I couldn’t help but laugh. His opinions were like those of a child. He had excised the gods from nature, which I confess is a reasonable stance to make. They are horribly unnatural parasites, but not the way he conceived of it. The man spoke like an atheist in denial. I supposed he thought the heart of a city was the courthouse or something of the like, rather than the temples and shrines. Part of me wondered whether he understood the function of a heart, literal or poetical.
Jacque took my laughter as agreement, and continued his spiel. He even leapt up, bottle in hand, pacing the room. “With the advent of settlements, man’s wisdom came to use, and he mixed his labor with the things of nature–”
“Making them his own, yes. I’m the one who wrote on that subject, some years ago.”
“Yes! And as it is man’s nature to die after so many years, his creations outlast him, and by vulgar tradition, these things fall to the children of the creator. From that advantage, they first begin to rob and extort their fellows. One small advantage is plied to a larger advantage, and so on over the years, decades, centuries, into this!” The writer threw his arms to either side, sloshing red wine across the rugs. He probably broke some maid’s heart, but he did so without fear because he had besotten the youngest of the ladies Ashe and she could never see anything wrong with him.
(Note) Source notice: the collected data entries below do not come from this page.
(* Let $\mathcal{M}=\mathcal{M}_1\times\cdots\times\mathcal{M}_n$ with each $\mathcal{M}_i\subset\mathbb{R}^{m_i}$ nonempty compact convex, and let $f:\mathbb{R}^m\to\mathbb{R}$ be differentiable. Suppose there is a positive semidefinite matrix $H$, partitioned into blocks $H_{ij}$ conformally with the blocks of $x$, such that $f(y)\le f(x)+\langle y-x,\nabla f(x)\rangle+\frac12(y-x)^TH(y-x)$ for all $x,y\in\mathcal{M}$. Define $B_i=\sup_{x_i\in\mathcal{M}_i}x_i^TH_{ii}x_i$, $\mu_{ij}=\sup_{x_i\in\mathcal{M}_i,x_j\in\mathcal{M}_j}x_i^TH_{ij}x_j$, $B=\frac1n\sum_{i=1}^nB_i$, and $\mu=\frac{1}{n(n-1)}\sum_{i\ne j}\mu_{ij}$. Then for every $\tau=1,\dots,n$, $$C_f^{\tau}\le 4\big(\tau B+\tau(\tau-1)\mu\big).$$
   Context: Notation: $x=(x_{(1)},\dots,x_{(n)})$; for $S\subseteq[n]$, $x_{(S)}$ is the subvector of blocks in $S$, $\mathcal{M}^{(S)}=\prod_{i\in S}\mathcal{M}_i$, $\nabla_{(S)}f$ the partial gradient, $s_{[S]}\in\mathbb{R}^m$ is $s_{(S)}$ padded with zeros outside $S$. Set curvature: $C_f^{(S)}=\sup\frac{2}{\gamma^2}\big(f(y)-f(x)-\langle y_{(S)}-x_{(S)},\nabla_{(S)}f(x)\rangle\big)$ over $x\in\mathcal{M}$, $s_{(S)}\in\mathcal{M}^{(S)}$, $\gamma\in(0,1]$, $y=x+\gamma(s_{[S]}-x_{[S]})$. Expected set curvature: $C_f^\tau=\binom{n}{\tau}^{-1}\sum_{S\subseteq[n],|S|=\tau}C_f^{(S)}$. *)

theory Defs
  imports "HOL-Analysis.Analysis"
begin

text \<open>The ambient space R^m is real^'m; coordinate j belongs to block blk j.
  A block vector x_(i) is represented by its zero-padding x_[{i}] in real^'m.\<close>

definition restr :: "('m \<Rightarrow> nat) \<Rightarrow> nat set \<Rightarrow> real^'m \<Rightarrow> real^'m" where
  "restr blk S x = (\<chi> j. if blk j \<in> S then x $ j else 0)"

text \<open>M = M_1 x ... x M_n, where Mb i (a set of vectors supported on block i) plays M_i.\<close>
definition prodset :: "('m \<Rightarrow> nat) \<Rightarrow> nat \<Rightarrow> (nat \<Rightarrow> (real^'m) set) \<Rightarrow> (real^'m) set" where
  "prodset blk n Mb = {x. \<forall>i<n. restr blk {i} x \<in> Mb i}"

definition set_curv ::
  "(real^'m \<Rightarrow> real) \<Rightarrow> (real^'m \<Rightarrow> real^'m) \<Rightarrow> ('m \<Rightarrow> nat) \<Rightarrow> nat
   \<Rightarrow> (nat \<Rightarrow> (real^'m) set) \<Rightarrow> nat set \<Rightarrow> real" where
  "set_curv f df blk n Mb S = Sup {2 / \<gamma>^2 * (f y - f x - restr blk S (y - x) \<bullet> restr blk S (df x)) | x s \<gamma> y.
      x \<in> prodset blk n Mb \<and> (\<forall>i\<in>S. restr blk {i} s \<in> Mb i) \<and> 0 < \<gamma> \<and> \<gamma> \<le> 1 \<and>
      y = x + \<gamma> *\<^sub>R (restr blk S s - restr blk S x)}"

definition exp_curv ::
  "(real^'m \<Rightarrow> real) \<Rightarrow> (real^'m \<Rightarrow> real^'m) \<Rightarrow> ('m \<Rightarrow> nat) \<Rightarrow> nat
   \<Rightarrow> (nat \<Rightarrow> (real^'m) set) \<Rightarrow> nat \<Rightarrow> real" where
  "exp_curv f df blk n Mb \<tau> =
     (\<Sum>S | S \<subseteq> {..<n} \<and> card S = \<tau>. set_curv f df blk n Mb S) / real (n choose \<tau>)"

end

theory Submission
  imports Defs
begin

text \<open>For a set S of blocks, the step y = x + \<gamma>(s[S] - x[S]) stays in M by convexity, so the
  quadratic upper model bounds the curvature quotient by d' H d with d = s[S] - x[S]. Positive
  semidefiniteness gives d' H d \<le> 2 s' H s + 2 x' H x, and expanding these quadratic forms
  blockwise bounds each of them by the sum of the B i over i \<in> S plus the sum of the \<mu> i j
  over ordered pairs i \<noteq> j in S. Averaging over all \<tau>-subsets, every block lies in
  C(n-1, \<tau>-1) and every ordered pair in C(n-2, \<tau>-2) of them, which produces the factors
  \<tau>/n and \<tau>(\<tau>-1)/(n(n-1)).\<close>

lemma restr_restr [simp]: "restr blk S (restr blk T v) = restr blk (S \<inter> T) v"
  unfolding restr_def by (simp add: vec_eq_iff)

lemma restr_empty [simp]: "restr blk {} v = 0"
  unfolding restr_def by (simp add: vec_eq_iff)

lemma restr_add: "restr blk S (u + v) = restr blk S u + restr blk S v"
  unfolding restr_def by (simp add: vec_eq_iff)

lemma restr_diff: "restr blk S (u - v) = restr blk S u - restr blk S v"
  unfolding restr_def by (simp add: vec_eq_iff)

lemma restr_scaleR: "restr blk S (c *\<^sub>R u) = c *\<^sub>R restr blk S u"
  unfolding restr_def by (simp add: vec_eq_iff)

lemma restr_sum_singletons: "finite S \<Longrightarrow> restr blk S v = (\<Sum>i\<in>S. restr blk {i} v)"
  unfolding restr_def by (simp add: vec_eq_iff sum.delta)

lemma inner_restr_left: "restr blk S u \<bullet> v = restr blk S u \<bullet> restr blk S v"
  unfolding restr_def inner_vec_def by (rule sum.cong) auto

lemma bilinear_form_sum:
  fixes H :: "real^'m^'m"
  shows "(\<Sum>i\<in>S. a i) \<bullet> (H *v (\<Sum>j\<in>T. b j)) = (\<Sum>i\<in>S. \<Sum>j\<in>T. a i \<bullet> (H *v b j))"
proof -
  have "H *v (\<Sum>j\<in>T. b j) = (\<Sum>j\<in>T. H *v b j)"
    using linear_sum[OF matrix_vector_mul_linear[of H]] by simp
  then show ?thesis by (simp add: inner_sum_left inner_sum_right sum.swap[of _ T])
qed

lemma quad_form_diff_le:
  fixes H :: "real^'m^'m"
  assumes psd: "\<And>v. 0 \<le> v \<bullet> (H *v v)"
  shows "(a - b) \<bullet> (H *v (a - b)) \<le> 2 * (a \<bullet> (H *v a)) + 2 * (b \<bullet> (H *v b))"
proof -
  have "0 \<le> (a + b) \<bullet> (H *v (a + b))" by (rule psd)
  then show ?thesis
    by (simp add: matrix_vector_right_distrib matrix_vector_mult_diff_distrib
        inner_add_left inner_add_right inner_diff_left inner_diff_right)
qed

lemma sum_sum_diagonal_split:
  assumes "finite S"
  shows "(\<Sum>i\<in>S. \<Sum>j\<in>S. g i j)
    = (\<Sum>i\<in>S. g i i) + (\<Sum>(i,j)\<in>{(i,j). i \<in> S \<and> j \<in> S \<and> i \<noteq> j}. g i j)"
proof -
  have "(\<Sum>i\<in>S. \<Sum>j\<in>S. g i j) = (\<Sum>(i,j)\<in>S \<times> S. g i j)"
    by (simp add: sum.cartesian_product)
  also have "S \<times> S = (\<lambda>i. (i,i)) ` S \<union> {(i,j). i \<in> S \<and> j \<in> S \<and> i \<noteq> j}" by auto
  also have "(\<Sum>(i,j)\<in>\<dots>. g i j)
     = (\<Sum>(i,j)\<in>(\<lambda>i. (i,i)) ` S. g i j) + (\<Sum>(i,j)\<in>{(i,j). i \<in> S \<and> j \<in> S \<and> i \<noteq> j}. g i j)"
    by (rule sum.union_disjoint) (use assms in \<open>auto intro: finite_subset[of _ "S \<times> S"]\<close>)
  also have "(\<Sum>(i,j)\<in>(\<lambda>i. (i,i)) ` S. g i j) = (\<Sum>i\<in>S. g i i)"
    by (subst sum.reindex) (auto simp: inj_on_def)
  finally show ?thesis .
qed

lemma quad_form_restr_le:
  fixes H :: "real^'m^'m"
  assumes "finite S"
    and diag: "\<And>i. i \<in> S \<Longrightarrow> restr blk {i} w \<bullet> (H *v restr blk {i} w) \<le> b i"
    and offdiag: "\<And>i j. i \<in> S \<Longrightarrow> j \<in> S \<Longrightarrow> i \<noteq> j \<Longrightarrow>
        restr blk {i} w \<bullet> (H *v restr blk {j} w) \<le> m i j"
  shows "restr blk S w \<bullet> (H *v restr blk S w)
    \<le> (\<Sum>i\<in>S. b i) + (\<Sum>(i,j)\<in>{(i,j). i \<in> S \<and> j \<in> S \<and> i \<noteq> j}. m i j)"
proof -
  have "restr blk S w \<bullet> (H *v restr blk S w)
      = (\<Sum>i\<in>S. restr blk {i} w \<bullet> (H *v restr blk {i} w))
        + (\<Sum>(i,j)\<in>{(i,j). i \<in> S \<and> j \<in> S \<and> i \<noteq> j}. restr blk {i} w \<bullet> (H *v restr blk {j} w))"
    unfolding restr_sum_singletons[OF \<open>finite S\<close>, of blk w] bilinear_form_sum
    by (rule sum_sum_diagonal_split[OF \<open>finite S\<close>])
  also have "\<dots> \<le> (\<Sum>i\<in>S. b i) + (\<Sum>(i,j)\<in>{(i,j). i \<in> S \<and> j \<in> S \<and> i \<noteq> j}. m i j)"
    by (intro add_mono sum_mono) (auto intro: diag offdiag)
  finally show ?thesis .
qed

lemma card_subsets_containing:
  assumes "finite A" "T \<subseteq> A" "card T \<le> k"
  shows "card {S. S \<subseteq> A \<and> card S = k \<and> T \<subseteq> S} = (card A - card T) choose (k - card T)"
proof -
  have "finite T" using assms finite_subset by blast
  have "bij_betw (\<lambda>U. U \<union> T) {U. U \<subseteq> A - T \<and> card U = k - card T}
      {S. S \<subseteq> A \<and> card S = k \<and> T \<subseteq> S}"
  proof (rule bij_betw_byWitness[where f'="\<lambda>S. S - T"])
    show "(\<lambda>S. S - T) ` {S. S \<subseteq> A \<and> card S = k \<and> T \<subseteq> S} \<subseteq> {U. U \<subseteq> A - T \<and> card U = k - card T}"
    proof clarify
      fix S assume "S \<subseteq> A" "T \<subseteq> S" "k = card S"
      then show "S - T \<subseteq> A - T \<and> card (S - T) = card S - card T"
        using \<open>finite T\<close> by (auto simp: card_Diff_subset)
    qed
    show "(\<lambda>U. U \<union> T) ` {U. U \<subseteq> A - T \<and> card U = k - card T} \<subseteq> {S. S \<subseteq> A \<and> card S = k \<and> T \<subseteq> S}"
    proof (rule image_subsetI)
      fix U assume "U \<in> {U. U \<subseteq> A - T \<and> card U = k - card T}"
      then have U: "U \<subseteq> A - T" "card U = k - card T" by auto
      then have "card (U \<union> T) = card U + card T"
        using assms \<open>finite T\<close> by (intro card_Un_disjoint) (auto intro: finite_subset[of U A])
      then show "U \<union> T \<in> {S. S \<subseteq> A \<and> card S = k \<and> T \<subseteq> S}" using U assms by auto
    qed
  qed auto
  from bij_betw_same_card[OF this]
  have "card {S. S \<subseteq> A \<and> card S = k \<and> T \<subseteq> S} = card {U. U \<subseteq> A - T \<and> card U = k - card T}"
    by (rule sym)
  also have "\<dots> = (card A - card T) choose (k - card T)"
    using assms \<open>finite T\<close> by (simp add: n_subsets card_Diff_subset)
  finally show ?thesis .
qed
“Please, if you would, answer an old man this question. What would you have done about these vulgar traditions? The ones which have so comfortably kept you fed and drunk?”
“Destroy them,” Jacque said, without a moment’s hesitation. “Wipe the slate clean and let us, in our cities, set society straight by rational thought. We’ve centuries of practice at it now. We wouldn’t make such a broken society as this.”
“So you think you can reason your way to utopia?”
“Not me alone. The will of the people can however. Didn’t I tell you? I believe in democracy.”